INPUT RECORDS »
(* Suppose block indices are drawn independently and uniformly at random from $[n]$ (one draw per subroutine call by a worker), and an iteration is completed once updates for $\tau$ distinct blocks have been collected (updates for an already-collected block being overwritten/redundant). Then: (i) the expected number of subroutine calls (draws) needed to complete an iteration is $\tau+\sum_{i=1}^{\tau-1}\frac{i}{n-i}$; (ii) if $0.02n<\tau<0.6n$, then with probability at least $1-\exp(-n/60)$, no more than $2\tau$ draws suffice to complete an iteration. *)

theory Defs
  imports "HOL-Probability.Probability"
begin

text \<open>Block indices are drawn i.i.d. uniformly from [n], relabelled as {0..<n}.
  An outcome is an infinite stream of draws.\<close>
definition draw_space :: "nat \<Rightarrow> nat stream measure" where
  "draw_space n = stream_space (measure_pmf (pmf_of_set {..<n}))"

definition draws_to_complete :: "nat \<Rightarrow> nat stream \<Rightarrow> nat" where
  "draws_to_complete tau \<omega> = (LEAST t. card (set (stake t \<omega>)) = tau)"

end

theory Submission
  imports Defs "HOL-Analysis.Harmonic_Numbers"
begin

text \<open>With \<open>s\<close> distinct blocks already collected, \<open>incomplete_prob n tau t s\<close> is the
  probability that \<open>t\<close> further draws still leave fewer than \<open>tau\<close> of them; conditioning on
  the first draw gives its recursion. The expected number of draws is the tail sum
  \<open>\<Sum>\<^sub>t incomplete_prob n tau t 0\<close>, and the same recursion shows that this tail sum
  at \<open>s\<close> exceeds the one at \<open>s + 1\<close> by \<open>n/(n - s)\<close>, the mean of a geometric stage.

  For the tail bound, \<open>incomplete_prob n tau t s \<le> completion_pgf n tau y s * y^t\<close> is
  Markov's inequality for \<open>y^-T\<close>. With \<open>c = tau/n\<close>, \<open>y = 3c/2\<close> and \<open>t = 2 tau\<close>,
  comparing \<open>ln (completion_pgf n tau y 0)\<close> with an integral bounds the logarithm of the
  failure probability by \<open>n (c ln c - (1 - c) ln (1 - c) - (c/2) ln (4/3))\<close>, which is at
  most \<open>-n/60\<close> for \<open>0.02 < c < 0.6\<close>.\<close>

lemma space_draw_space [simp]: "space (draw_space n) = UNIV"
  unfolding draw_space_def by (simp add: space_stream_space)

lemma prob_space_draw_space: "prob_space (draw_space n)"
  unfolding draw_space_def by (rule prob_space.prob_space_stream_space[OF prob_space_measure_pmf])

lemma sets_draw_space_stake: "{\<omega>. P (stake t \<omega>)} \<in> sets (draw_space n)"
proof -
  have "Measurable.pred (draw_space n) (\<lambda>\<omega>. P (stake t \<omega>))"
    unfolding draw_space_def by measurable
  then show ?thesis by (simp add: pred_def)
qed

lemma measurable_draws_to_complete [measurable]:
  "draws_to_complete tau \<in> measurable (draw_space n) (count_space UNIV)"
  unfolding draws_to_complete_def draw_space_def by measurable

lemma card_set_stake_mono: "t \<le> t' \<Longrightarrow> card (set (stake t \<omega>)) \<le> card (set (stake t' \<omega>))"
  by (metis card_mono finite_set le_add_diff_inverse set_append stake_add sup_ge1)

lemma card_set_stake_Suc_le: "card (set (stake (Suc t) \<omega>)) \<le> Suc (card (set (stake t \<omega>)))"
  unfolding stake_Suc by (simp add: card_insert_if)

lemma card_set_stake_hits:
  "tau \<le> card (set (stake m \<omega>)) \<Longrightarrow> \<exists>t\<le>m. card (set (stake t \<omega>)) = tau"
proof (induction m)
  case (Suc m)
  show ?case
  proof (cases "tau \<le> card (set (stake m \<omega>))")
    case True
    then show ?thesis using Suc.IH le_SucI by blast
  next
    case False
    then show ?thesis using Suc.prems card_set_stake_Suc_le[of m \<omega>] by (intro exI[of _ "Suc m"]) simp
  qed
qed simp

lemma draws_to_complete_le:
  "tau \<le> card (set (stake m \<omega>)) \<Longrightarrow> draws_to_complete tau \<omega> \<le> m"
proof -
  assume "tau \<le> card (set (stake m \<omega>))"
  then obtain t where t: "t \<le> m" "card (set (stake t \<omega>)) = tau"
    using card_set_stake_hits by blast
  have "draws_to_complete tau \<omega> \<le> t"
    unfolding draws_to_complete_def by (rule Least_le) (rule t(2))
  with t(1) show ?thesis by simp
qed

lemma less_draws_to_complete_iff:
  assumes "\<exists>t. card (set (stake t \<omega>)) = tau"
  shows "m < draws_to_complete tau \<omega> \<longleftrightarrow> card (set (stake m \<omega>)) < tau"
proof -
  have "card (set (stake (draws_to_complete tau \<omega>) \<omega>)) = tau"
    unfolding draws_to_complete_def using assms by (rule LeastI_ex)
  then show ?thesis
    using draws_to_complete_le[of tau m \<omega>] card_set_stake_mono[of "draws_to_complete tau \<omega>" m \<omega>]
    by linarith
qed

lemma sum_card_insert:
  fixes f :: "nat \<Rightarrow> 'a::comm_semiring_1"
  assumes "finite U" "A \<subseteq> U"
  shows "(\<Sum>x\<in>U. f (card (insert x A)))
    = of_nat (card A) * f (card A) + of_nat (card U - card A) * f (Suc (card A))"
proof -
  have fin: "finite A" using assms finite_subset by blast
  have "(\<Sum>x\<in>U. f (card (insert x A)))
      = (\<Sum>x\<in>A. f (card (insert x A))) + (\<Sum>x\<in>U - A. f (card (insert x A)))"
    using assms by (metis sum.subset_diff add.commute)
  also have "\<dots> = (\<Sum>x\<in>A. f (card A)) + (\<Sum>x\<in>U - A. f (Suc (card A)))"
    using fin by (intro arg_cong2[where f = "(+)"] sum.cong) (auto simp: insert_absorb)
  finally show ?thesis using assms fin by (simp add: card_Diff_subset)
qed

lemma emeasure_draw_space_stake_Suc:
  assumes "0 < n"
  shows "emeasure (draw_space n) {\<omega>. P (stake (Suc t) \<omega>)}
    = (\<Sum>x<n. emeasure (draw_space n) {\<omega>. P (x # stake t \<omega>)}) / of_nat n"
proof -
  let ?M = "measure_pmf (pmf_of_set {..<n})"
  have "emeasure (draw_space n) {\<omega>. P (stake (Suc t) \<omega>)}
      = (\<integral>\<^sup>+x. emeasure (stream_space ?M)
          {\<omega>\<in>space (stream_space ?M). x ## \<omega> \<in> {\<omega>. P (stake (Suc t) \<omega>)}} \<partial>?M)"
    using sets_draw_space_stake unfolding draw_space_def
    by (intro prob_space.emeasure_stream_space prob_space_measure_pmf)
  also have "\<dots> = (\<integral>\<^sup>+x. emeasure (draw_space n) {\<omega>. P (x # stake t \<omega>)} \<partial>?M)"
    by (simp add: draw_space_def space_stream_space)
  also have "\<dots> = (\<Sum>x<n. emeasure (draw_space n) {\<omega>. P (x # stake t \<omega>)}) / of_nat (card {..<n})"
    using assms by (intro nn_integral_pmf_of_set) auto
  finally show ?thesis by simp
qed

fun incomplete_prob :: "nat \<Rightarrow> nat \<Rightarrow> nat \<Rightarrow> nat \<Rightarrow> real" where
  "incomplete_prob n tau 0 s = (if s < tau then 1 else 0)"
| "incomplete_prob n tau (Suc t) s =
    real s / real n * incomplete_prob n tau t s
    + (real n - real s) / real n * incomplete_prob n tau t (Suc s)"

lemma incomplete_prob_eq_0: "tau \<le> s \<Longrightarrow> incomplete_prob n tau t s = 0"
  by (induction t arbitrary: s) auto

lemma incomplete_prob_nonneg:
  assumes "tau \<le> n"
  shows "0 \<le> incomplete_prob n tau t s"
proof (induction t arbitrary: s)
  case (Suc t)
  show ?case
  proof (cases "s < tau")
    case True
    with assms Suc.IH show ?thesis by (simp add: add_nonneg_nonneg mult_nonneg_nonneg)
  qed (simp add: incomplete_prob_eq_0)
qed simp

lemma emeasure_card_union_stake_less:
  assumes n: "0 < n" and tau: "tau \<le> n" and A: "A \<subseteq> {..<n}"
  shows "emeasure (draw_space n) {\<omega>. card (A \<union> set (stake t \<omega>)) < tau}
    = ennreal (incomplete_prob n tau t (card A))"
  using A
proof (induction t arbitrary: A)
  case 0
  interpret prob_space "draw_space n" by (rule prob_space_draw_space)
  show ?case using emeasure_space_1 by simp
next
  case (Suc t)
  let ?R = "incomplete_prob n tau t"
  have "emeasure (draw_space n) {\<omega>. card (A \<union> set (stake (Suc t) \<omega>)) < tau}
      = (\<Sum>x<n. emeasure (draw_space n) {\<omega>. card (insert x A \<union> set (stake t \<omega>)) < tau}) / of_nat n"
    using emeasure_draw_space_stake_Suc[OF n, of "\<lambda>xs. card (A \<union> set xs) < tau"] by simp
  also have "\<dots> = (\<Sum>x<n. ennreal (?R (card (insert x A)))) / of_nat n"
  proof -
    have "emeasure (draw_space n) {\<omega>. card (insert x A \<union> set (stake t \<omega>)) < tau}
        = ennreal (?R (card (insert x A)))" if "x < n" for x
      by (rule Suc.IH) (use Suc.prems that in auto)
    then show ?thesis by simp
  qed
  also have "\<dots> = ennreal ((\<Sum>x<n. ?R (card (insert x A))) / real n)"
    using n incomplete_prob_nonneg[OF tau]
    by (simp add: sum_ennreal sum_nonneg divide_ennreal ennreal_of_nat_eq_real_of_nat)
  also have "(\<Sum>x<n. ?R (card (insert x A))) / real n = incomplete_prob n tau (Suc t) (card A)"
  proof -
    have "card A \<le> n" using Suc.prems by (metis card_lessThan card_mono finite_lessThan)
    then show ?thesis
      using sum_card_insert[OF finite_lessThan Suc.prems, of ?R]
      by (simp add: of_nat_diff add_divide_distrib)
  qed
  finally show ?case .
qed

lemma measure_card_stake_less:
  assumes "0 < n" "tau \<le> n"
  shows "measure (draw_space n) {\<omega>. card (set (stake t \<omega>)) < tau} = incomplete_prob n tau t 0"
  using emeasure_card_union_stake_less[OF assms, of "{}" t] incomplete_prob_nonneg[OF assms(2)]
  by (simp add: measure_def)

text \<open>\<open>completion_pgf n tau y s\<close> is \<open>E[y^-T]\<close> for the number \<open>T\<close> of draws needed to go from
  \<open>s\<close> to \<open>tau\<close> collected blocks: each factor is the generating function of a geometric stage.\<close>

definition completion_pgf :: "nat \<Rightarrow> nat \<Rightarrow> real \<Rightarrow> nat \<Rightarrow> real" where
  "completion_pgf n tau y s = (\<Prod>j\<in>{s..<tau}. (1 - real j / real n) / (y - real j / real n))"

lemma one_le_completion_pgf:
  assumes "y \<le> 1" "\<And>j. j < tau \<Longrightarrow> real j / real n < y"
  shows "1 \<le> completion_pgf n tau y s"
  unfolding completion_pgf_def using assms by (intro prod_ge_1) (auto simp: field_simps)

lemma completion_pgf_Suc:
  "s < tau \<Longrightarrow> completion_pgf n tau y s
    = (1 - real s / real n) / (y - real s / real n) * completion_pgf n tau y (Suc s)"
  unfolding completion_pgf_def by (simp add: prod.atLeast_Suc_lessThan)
* * *
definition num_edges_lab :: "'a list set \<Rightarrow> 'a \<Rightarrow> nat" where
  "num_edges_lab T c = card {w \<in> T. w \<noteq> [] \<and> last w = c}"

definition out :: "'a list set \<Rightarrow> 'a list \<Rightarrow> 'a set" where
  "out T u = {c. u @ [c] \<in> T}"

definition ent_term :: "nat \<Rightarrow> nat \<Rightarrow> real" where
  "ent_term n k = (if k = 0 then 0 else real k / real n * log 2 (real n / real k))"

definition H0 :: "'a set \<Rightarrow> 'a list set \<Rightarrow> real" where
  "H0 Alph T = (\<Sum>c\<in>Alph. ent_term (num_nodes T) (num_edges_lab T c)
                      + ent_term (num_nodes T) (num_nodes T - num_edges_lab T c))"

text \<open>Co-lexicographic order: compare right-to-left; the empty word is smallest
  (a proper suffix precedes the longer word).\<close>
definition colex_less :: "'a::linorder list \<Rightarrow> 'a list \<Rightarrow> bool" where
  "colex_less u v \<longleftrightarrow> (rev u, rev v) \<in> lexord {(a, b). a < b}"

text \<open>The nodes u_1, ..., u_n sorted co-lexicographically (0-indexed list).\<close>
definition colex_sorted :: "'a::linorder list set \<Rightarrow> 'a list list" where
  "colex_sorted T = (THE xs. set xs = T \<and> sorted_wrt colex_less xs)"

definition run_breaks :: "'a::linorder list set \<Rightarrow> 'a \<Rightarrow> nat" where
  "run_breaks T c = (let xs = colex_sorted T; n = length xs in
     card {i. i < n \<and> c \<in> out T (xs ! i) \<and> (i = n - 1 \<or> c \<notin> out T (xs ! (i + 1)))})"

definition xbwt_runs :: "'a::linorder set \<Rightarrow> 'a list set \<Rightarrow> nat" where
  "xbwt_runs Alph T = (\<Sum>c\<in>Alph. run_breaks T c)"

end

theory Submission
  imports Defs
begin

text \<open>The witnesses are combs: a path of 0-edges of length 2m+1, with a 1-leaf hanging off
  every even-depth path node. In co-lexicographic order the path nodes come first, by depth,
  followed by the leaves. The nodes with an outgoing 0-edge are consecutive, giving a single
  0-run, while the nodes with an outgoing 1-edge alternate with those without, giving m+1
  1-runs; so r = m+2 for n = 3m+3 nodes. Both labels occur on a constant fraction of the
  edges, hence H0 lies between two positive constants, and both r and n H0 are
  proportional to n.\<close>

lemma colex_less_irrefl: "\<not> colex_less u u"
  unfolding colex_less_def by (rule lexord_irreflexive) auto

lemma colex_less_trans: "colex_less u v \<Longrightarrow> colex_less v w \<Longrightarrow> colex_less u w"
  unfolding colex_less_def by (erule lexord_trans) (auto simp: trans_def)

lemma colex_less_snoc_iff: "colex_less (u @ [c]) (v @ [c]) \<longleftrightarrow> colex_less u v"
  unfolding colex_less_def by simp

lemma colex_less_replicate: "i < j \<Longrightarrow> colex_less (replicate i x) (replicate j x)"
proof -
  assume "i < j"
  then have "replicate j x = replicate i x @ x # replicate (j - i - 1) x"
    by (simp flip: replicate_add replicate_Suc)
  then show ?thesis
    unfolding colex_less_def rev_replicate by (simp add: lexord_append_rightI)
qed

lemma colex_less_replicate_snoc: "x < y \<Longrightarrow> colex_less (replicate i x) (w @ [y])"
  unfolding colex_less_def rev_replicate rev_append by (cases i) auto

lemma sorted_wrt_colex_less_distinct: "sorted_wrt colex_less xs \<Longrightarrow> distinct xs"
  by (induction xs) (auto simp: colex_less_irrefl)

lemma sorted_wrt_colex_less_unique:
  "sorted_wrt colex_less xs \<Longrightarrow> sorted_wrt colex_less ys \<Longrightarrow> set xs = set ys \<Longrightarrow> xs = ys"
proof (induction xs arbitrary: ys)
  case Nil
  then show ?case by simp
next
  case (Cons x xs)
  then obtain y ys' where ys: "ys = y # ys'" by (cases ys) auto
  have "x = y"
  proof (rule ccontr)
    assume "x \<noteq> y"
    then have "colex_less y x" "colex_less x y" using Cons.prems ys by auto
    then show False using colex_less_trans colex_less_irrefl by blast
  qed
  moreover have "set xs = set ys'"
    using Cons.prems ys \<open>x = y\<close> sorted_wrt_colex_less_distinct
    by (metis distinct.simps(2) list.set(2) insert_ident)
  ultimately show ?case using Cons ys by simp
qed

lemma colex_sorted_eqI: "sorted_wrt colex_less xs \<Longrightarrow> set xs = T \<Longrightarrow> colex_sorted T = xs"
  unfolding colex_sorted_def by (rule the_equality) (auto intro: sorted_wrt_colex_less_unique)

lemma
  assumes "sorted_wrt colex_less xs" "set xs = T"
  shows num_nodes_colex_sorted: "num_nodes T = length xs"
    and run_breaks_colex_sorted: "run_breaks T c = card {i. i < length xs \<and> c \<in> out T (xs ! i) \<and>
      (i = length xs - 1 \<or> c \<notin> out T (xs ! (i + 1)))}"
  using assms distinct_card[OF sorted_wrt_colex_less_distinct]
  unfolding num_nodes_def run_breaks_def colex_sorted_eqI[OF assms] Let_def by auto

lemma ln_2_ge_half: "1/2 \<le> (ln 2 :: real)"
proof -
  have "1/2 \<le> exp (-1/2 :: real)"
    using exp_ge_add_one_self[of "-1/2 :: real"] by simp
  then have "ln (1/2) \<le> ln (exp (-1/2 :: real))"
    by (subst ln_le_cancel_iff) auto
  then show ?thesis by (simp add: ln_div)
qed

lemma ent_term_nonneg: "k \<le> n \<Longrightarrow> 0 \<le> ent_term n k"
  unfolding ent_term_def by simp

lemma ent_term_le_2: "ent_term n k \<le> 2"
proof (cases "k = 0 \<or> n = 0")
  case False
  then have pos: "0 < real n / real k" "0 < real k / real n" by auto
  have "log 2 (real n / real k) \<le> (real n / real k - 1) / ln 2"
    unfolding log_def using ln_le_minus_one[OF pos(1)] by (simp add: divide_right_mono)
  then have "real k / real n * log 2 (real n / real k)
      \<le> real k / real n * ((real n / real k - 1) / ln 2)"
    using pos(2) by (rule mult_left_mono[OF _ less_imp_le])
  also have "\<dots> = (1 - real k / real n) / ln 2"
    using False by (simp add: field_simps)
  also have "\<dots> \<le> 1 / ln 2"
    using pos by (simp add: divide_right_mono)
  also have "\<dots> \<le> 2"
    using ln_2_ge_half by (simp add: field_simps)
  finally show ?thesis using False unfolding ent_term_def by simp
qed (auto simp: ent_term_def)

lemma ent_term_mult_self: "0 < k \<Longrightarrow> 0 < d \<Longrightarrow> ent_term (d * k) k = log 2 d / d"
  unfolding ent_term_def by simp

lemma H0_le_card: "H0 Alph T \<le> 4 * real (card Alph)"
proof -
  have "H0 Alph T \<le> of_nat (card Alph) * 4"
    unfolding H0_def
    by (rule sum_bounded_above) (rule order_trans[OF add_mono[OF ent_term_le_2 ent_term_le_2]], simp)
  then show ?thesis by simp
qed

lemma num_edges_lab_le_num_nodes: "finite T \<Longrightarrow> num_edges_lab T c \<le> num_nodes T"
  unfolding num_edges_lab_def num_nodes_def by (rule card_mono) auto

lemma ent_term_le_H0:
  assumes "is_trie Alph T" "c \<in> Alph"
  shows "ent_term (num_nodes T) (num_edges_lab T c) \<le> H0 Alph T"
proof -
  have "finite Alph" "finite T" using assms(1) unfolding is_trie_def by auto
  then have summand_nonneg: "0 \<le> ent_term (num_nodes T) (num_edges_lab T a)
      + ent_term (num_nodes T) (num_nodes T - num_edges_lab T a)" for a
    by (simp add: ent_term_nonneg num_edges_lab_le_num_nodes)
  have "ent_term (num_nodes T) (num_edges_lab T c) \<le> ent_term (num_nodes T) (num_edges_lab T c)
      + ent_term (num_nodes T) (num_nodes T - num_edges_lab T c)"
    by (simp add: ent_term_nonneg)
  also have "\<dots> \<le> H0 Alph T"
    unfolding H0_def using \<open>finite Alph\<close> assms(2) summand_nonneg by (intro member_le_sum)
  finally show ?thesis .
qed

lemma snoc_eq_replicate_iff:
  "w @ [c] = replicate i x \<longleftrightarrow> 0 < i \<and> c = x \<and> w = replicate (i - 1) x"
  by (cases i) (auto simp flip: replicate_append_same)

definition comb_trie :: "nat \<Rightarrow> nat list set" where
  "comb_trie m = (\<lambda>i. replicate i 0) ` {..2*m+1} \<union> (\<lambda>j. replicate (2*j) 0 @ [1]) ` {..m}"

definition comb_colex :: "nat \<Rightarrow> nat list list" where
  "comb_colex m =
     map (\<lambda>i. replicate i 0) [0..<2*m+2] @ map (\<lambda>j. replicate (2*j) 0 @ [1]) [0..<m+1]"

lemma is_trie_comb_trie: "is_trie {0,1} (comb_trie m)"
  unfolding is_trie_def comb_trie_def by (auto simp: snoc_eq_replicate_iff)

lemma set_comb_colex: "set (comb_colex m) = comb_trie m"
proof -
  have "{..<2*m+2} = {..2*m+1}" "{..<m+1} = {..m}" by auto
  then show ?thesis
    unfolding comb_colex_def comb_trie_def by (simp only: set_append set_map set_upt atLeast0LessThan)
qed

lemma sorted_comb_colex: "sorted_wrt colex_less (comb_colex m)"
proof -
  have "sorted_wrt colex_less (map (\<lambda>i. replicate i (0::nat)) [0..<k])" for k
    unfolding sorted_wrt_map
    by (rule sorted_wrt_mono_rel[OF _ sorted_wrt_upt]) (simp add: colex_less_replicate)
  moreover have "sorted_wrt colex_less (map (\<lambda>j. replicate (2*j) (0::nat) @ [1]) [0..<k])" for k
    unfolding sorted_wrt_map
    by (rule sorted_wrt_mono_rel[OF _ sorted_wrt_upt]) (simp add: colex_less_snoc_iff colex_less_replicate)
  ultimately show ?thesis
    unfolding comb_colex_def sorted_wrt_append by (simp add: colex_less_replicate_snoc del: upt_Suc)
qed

REQUIREMENT » Show all lines above containing "linorder".

SOLUTION TO THE PROBLEM »
definition colex_less :: "'a::linorder list \<Rightarrow> 'a list \<Rightarrow> bool" where
definition colex_sorted :: "'a::linorder list set \<Rightarrow> 'a list list" where
definition run_breaks :: "'a::linorder list set \<Rightarrow> 'a \<Rightarrow> nat" where
definition xbwt_runs :: "'a::linorder set \<Rightarrow> 'a list set \<Rightarrow> nat" where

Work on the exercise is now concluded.